BEGIN INPUT MATERIAL

(* Let $\alpha>-1$ and $\beta>0$. For every $\Phi\in\mathcal{C}_\zeta([0,\infty))$ and every $\ell>1$, $$\lim_{\eta\to\infty}\sup_{x\in[0,\infty)}\frac{|\mathcal{R}_{\eta}^{(\alpha,\beta)}(\Phi;x)-\Phi(x)|}{(\zeta(x))^{\ell}}=0.$$
   Context: The generalized Laguerre polynomials are $\mathcal{L}_k^{(\alpha)}(t)=\sum_{i=0}^{k}\frac{(-1)^i}{i!}\binom{k+\alpha}{k-i}t^i$. Put $p_{\eta,k}(x)=e^{-\eta x/2}2^{-\alpha-1}2^{-k}\mathcal{L}_k^{(\alpha)}(-\eta x/2)$ and, for $k\ge1$, $z>0$, $\mathcal{I}_{k,\eta}^{\beta}(z)=\frac{\eta\beta e^{-\eta\beta z}(\eta\beta z)^{k\beta-1}}{\Gamma(k\beta)}$. The operator is $\mathcal{R}_{\eta}^{(\alpha,\beta)}(\Phi;x)=p_{\eta,0}(x)\Phi(0)+\sum_{k=1}^{\infty}p_{\eta,k}(x)\int_0^\infty\mathcal{I}_{k,\eta}^{\beta}(z)\Phi(z)\,dz$, $\eta>0$. Let $\zeta(x)=1+x^2$. $\mathcal{B}_\zeta([0,\infty))$ is the space of $\Phi:[0,\infty)\to\mathbb{R}$ with $|\Phi(x)|\le M_\Phi\zeta(x)$ for some constant $M_\Phi$, normed by $\|\Phi\|_\zeta=\sup_{x\ge0}|\Phi(x)|/\zeta(x)$; $\mathcal{C}_\zeta([0,\infty))$ is the subspace of continuous functions in $\mathcal{B}_\zeta([0,\infty))$. *)

theory Defs
  imports "HOL-Analysis.Analysis"
begin

definition laguerre :: "nat \<Rightarrow> real \<Rightarrow> real \<Rightarrow> real" where
  "laguerre k \<alpha> t = (\<Sum>i=0..k. ((-1)^i / fact i) * ((real k + \<alpha>) gchoose (k - i)) * t ^ i)"

definition p_basis :: "real \<Rightarrow> real \<Rightarrow> nat \<Rightarrow> real \<Rightarrow> real" where
  "p_basis \<alpha> \<eta> k x = exp (- \<eta> * x / 2) * 2 powr (- \<alpha> - 1) * 2 powr (- real k)
      * laguerre k \<alpha> (- \<eta> * x / 2)"

definition I_kernel :: "real \<Rightarrow> nat \<Rightarrow> real \<Rightarrow> real \<Rightarrow> real" where
  "I_kernel \<beta> k \<eta> z = \<eta> * \<beta> * exp (- \<eta> * \<beta> * z) * (\<eta> * \<beta> * z) powr (real k * \<beta> - 1)
      / Gamma (real k * \<beta>)"

definition R_op :: "real \<Rightarrow> real \<Rightarrow> real \<Rightarrow> (real \<Rightarrow> real) \<Rightarrow> real \<Rightarrow> real" where
  "R_op \<alpha> \<beta> \<eta> \<Phi> x = p_basis \<alpha> \<eta> 0 x * \<Phi> 0
     + (\<Sum>k. p_basis \<alpha> \<eta> (Suc k) x
          * (LBINT z:{0<..}. I_kernel \<beta> (Suc k) \<eta> z * \<Phi> z))"

definition zeta :: "real \<Rightarrow> real" where
  "zeta x = 1 + x^2"

definition B_zeta :: "(real \<Rightarrow> real) set" where
  "B_zeta = {\<Phi>. \<exists>M. \<forall>x\<ge>0. \<bar>\<Phi> x\<bar> \<le> M * zeta x}"
(* For every reduced fraction $t\in(0,\infty)\cap\mathbb Q$, one has $\overline{\omega}_t=xyz\,\omega_t^{-1}$.
   Context: Modified lattice: the planar graph with vertex set $\mathbb Z^2$ whose edges are the horizontal unit segments, the vertical unit segments, and the diagonal segments of slope $-1$ joining $(i,j+1)$ and $(i+1,j)$. Words $\omega_t$: for reduced $t=p/q\in(0,\infty)$, let $L_t$ be the segment from $(0,0)$ to $(q,p)$, oriented from $(0,0)$ to $(q,p)$. List the edges whose relative interior meets $L_t$, in the order of the intersection points along $L_t$. A horizontal (resp. diagonal, vertical) edge contributes $x$ (resp. $y$, $z$) if its midpoint is not on the right-hand side of $L_t$ (including lying on $L_t$), and $x^{-1}$ (resp. $y^{-1}$, $z^{-1}$) if its midpoint is on the right-hand side. $\omega_t$ is the concatenation of these letters, viewed in the free group on $\{x,y,z\}$. Endpoint-completed word $\overline\omega_t$: choose $\varepsilon>0$ sufficiently small (so that the shifted segment has the same order of edge and triangle events away from the endpoints and passes through no lattice vertex and no edge midpoint), and let $\overline L_t$ be the segment from $(-\varepsilon,0)$ to $(q-\varepsilon,p)$, oriented from lower left to upper right. Read the edges crossed by $\overline L_t$ in order, with the half-open convention that the horizontal edge containing the initial endpoint $(-\varepsilon,0)$ is counted as crossed, while the edge containing the terminal endpoint is not counted. Assign letters by the same rule as for $\omega_t$ (horizontal/diagonal/vertical gives $x/y/z$ if the midpoint is not on the right-hand side of $\overline L_t$, and the inverse letter if it is). The resulting word is $\overline\omega_t$. *)

theory Defs
  imports Complex_Main
begin
(* Let $\varepsilon\in\{1,-1\}$, let $\mathbb{M}^2(\varepsilon)$ be $\mathbb{S}^2$ if $\varepsilon=1$ and $\mathbb{H}^2$ if $\varepsilon=-1$, and let $\psi:S\to\mathbb{M}^2(\varepsilon)\times\mathbb{R}$ be an immersed surface with constant extrinsic curvature $K>0$, normal $N$ chosen so that $II$ is positive definite. For a local conformal parameter $z$ of $II$, with $I=E\,dz^2+2F|dz|^2+\bar E\,d\bar z^2$, define $Q=E+g(\nu)h_z^2$. Then $$|Q_{\bar z}|^2\le\frac{K\,g'(\nu)^2(1-\nu^2)^2|h_z|^2}{4\chi(\nu)}\,|Q|^2.$$
   Context: $\mathbb{M}^2(\varepsilon)\times\mathbb{R}$ carries the product metric; $h$ is the height function, $\nu=\langle N,\partial_t\rangle$. The real analytic functions $g,\chi$ are $$g(\nu)=\frac{\nu^2-1+\varepsilon K\left(e^{\varepsilon(1-\nu^2)/K}-1\right)}{(1-\nu^2)^2},\qquad \chi(\nu)=\frac{\varepsilon K\left(e^{\varepsilon(1-\nu^2)/K}-1\right)}{1-\nu^2}$$ (extended analytically to $\nu=\pm1$; $\chi>0$ on $[-1,1]$). $Q\,dz^2$ is the $(2,0)$-part, with respect to the conformal structure of $II$, of the quadratic form $A=I+g(\nu)\,dh^2$. *)

theory Defs
  imports "HOL-Analysis.Analysis"
begin

text \<open>Partial derivatives w.r.t. the real coordinates x, y of the parameter z = x + i y.
  False = d/dx, True = d/dy.\<close>
definition partial :: "bool \<Rightarrow> (complex \<Rightarrow> 'a::real_normed_vector) \<Rightarrow> complex \<Rightarrow> 'a" where
  "partial d f p = frechet_derivative f (at p) (if d then \<i> else 1)"

fun pd :: "bool list \<Rightarrow> (complex \<Rightarrow> 'a::real_normed_vector) \<Rightarrow> complex \<Rightarrow> 'a" where
  "pd [] f = f"
| "pd (d # ds) f = partial d (pd ds f)"

definition smooth_on :: "complex set \<Rightarrow> (complex \<Rightarrow> 'a::real_normed_vector) \<Rightarrow> bool" where
  "smooth_on U f \<longleftrightarrow> (\<forall>ds. \<forall>p\<in>U. pd ds f differentiable (at p))"

text \<open>Ambient model: M2(1) = unit sphere in R^3, M2(-1) = upper sheet of the hyperboloid
  in Lorentz space (metric dx1^2+dx2^2-dx3^2); the last coordinate is the R factor.\<close>
definition amb :: "real \<Rightarrow> real^4 \<Rightarrow> real^4 \<Rightarrow> real" where
  "amb \<epsilon> u v = (u $ 1)*(v $ 1) + (u $ 2)*(v $ 2) + \<epsilon>*(u $ 3)*(v $ 3) + (u $ 4)*(v $ 4)"

definition amb3 :: "real \<Rightarrow> real^4 \<Rightarrow> real^4 \<Rightarrow> real" where
  "amb3 \<epsilon> u v = (u $ 1)*(v $ 1) + (u $ 2)*(v $ 2) + \<epsilon>*(u $ 3)*(v $ 3)"
(* If $[\gamma]\in J_1$ and $e([\gamma])=0$, then there exists $f\in F^\times$ with $[\gamma]=[f]$ in $J$.
   Context: $p$ odd prime; $F$ a field containing a primitive $p$th root of unity $\xi_p$; $K=F(\sqrt[p]{a})$, $a\in F^\times$, cyclic of degree $p$; $G=\mathrm{Gal}(K/F)=\langle\sigma\rangle$ with $\sigma(\sqrt[p]{a})=\xi_p\sqrt[p]{a}$; $\rho=\sigma-1$. $J=K^\times/K^{\times p}$ as a multiplicative $\mathbb{F}_p[G]$-module, $[\gamma]$ the class of $\gamma$; $J_i=\ker(\rho^i)$. For $[\gamma]\in J_{p-1}$, the index $e([\gamma])\in\mathbb{F}_p$ is defined by $\xi_p^{e([\gamma])}=\sigma(\delta)/\delta$ where $\delta\in K$ is any $p$th root of $N_{K/F}(\gamma)$ (which lies in $K$). *)

theory Defs
  imports Main "HOL-Computational_Algebra.Primes"
begin

text \<open>Setting. The field K is modelled as the ambient type 'k (class field).
  sigma is a field automorphism of K generating Gal(K/F), of order p;
  F is the fixed field of sigma.\<close>

definition field_aut :: "('k::field \<Rightarrow> 'k) \<Rightarrow> bool" where
  "field_aut \<sigma> \<longleftrightarrow> bij \<sigma> \<and> (\<forall>x y. \<sigma> (x + y) = \<sigma> x + \<sigma> y)
     \<and> (\<forall>x y. \<sigma> (x * y) = \<sigma> x * \<sigma> y) \<and> \<sigma> 1 = 1"

definition fixed_field :: "('k::field \<Rightarrow> 'k) \<Rightarrow> 'k set" where
  "fixed_field \<sigma> = {x. \<sigma> x = x}"

definition normKF :: "('k::field \<Rightarrow> 'k) \<Rightarrow> nat \<Rightarrow> 'k \<Rightarrow> 'k" where
  "normKF \<sigma> p \<gamma> = (\<Prod>i<p. (\<sigma> ^^ i) \<gamma>)"

definition is_pth_power :: "nat \<Rightarrow> 'k::field \<Rightarrow> bool" where
  "is_pth_power p x \<longleftrightarrow> (\<exists>\<beta>. \<beta> \<noteq> 0 \<and> x = \<beta> ^ p)"

text \<open>[gamma] in J_1 = ker(sigma - 1) on J = K^x/K^{x p}, written multiplicatively:
  sigma(gamma)/gamma is a p-th power.\<close>
definition in_J1 :: "('k::field \<Rightarrow> 'k) \<Rightarrow> nat \<Rightarrow> 'k \<Rightarrow> bool" where
  "in_J1 \<sigma> p \<gamma> \<longleftrightarrow> \<gamma> \<noteq> 0 \<and> is_pth_power p (\<sigma> \<gamma> / \<gamma>)"

text \<open>The index e([gamma]) in F_p, represented by a natural number in {0..<p}:
  choose delta in K with delta^p = N(gamma); then sigma(delta)/delta = xi^e.\<close>
definition e_index :: "('k::field \<Rightarrow> 'k) \<Rightarrow> 'k \<Rightarrow> nat \<Rightarrow> 'k \<Rightarrow> nat" where
  "e_index \<sigma> \<xi> p \<gamma> =
     (let \<delta> = (SOME \<delta>. \<delta> ^ p = normKF \<sigma> p \<gamma>)
      in SOME k. k < p \<and> \<sigma> \<delta> = \<xi> ^ k * \<delta>)"

end

theory Submission
  imports Defs "HOL-Computational_Algebra.Polynomial"
begin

END INPUT MATERIAL

PROBLEM: Only those lines of the entries above that run from the line containing "in Lorentz space" to the line containing "(* If $[\gamma]\in", both included, should be transcribed exactly.

ANSWER BOX:
  in Lorentz space (metric dx1^2+dx2^2-dx3^2); the last coordinate is the R factor.\<close>
definition amb :: "real \<Rightarrow> real^4 \<Rightarrow> real^4 \<Rightarrow> real" where
  "amb \<epsilon> u v = (u $ 1)*(v $ 1) + (u $ 2)*(v $ 2) + \<epsilon>*(u $ 3)*(v $ 3) + (u $ 4)*(v $ 4)"

definition amb3 :: "real \<Rightarrow> real^4 \<Rightarrow> real^4 \<Rightarrow> real" where
  "amb3 \<epsilon> u v = (u $ 1)*(v $ 1) + (u $ 2)*(v $ 2) + \<epsilon>*(u $ 3)*(v $ 3)"
(* If $[\gamma]\in J_1$ and $e([\gamma])=0$, then there exists $f\in F^\times$ with $[\gamma]=[f]$ in $J$.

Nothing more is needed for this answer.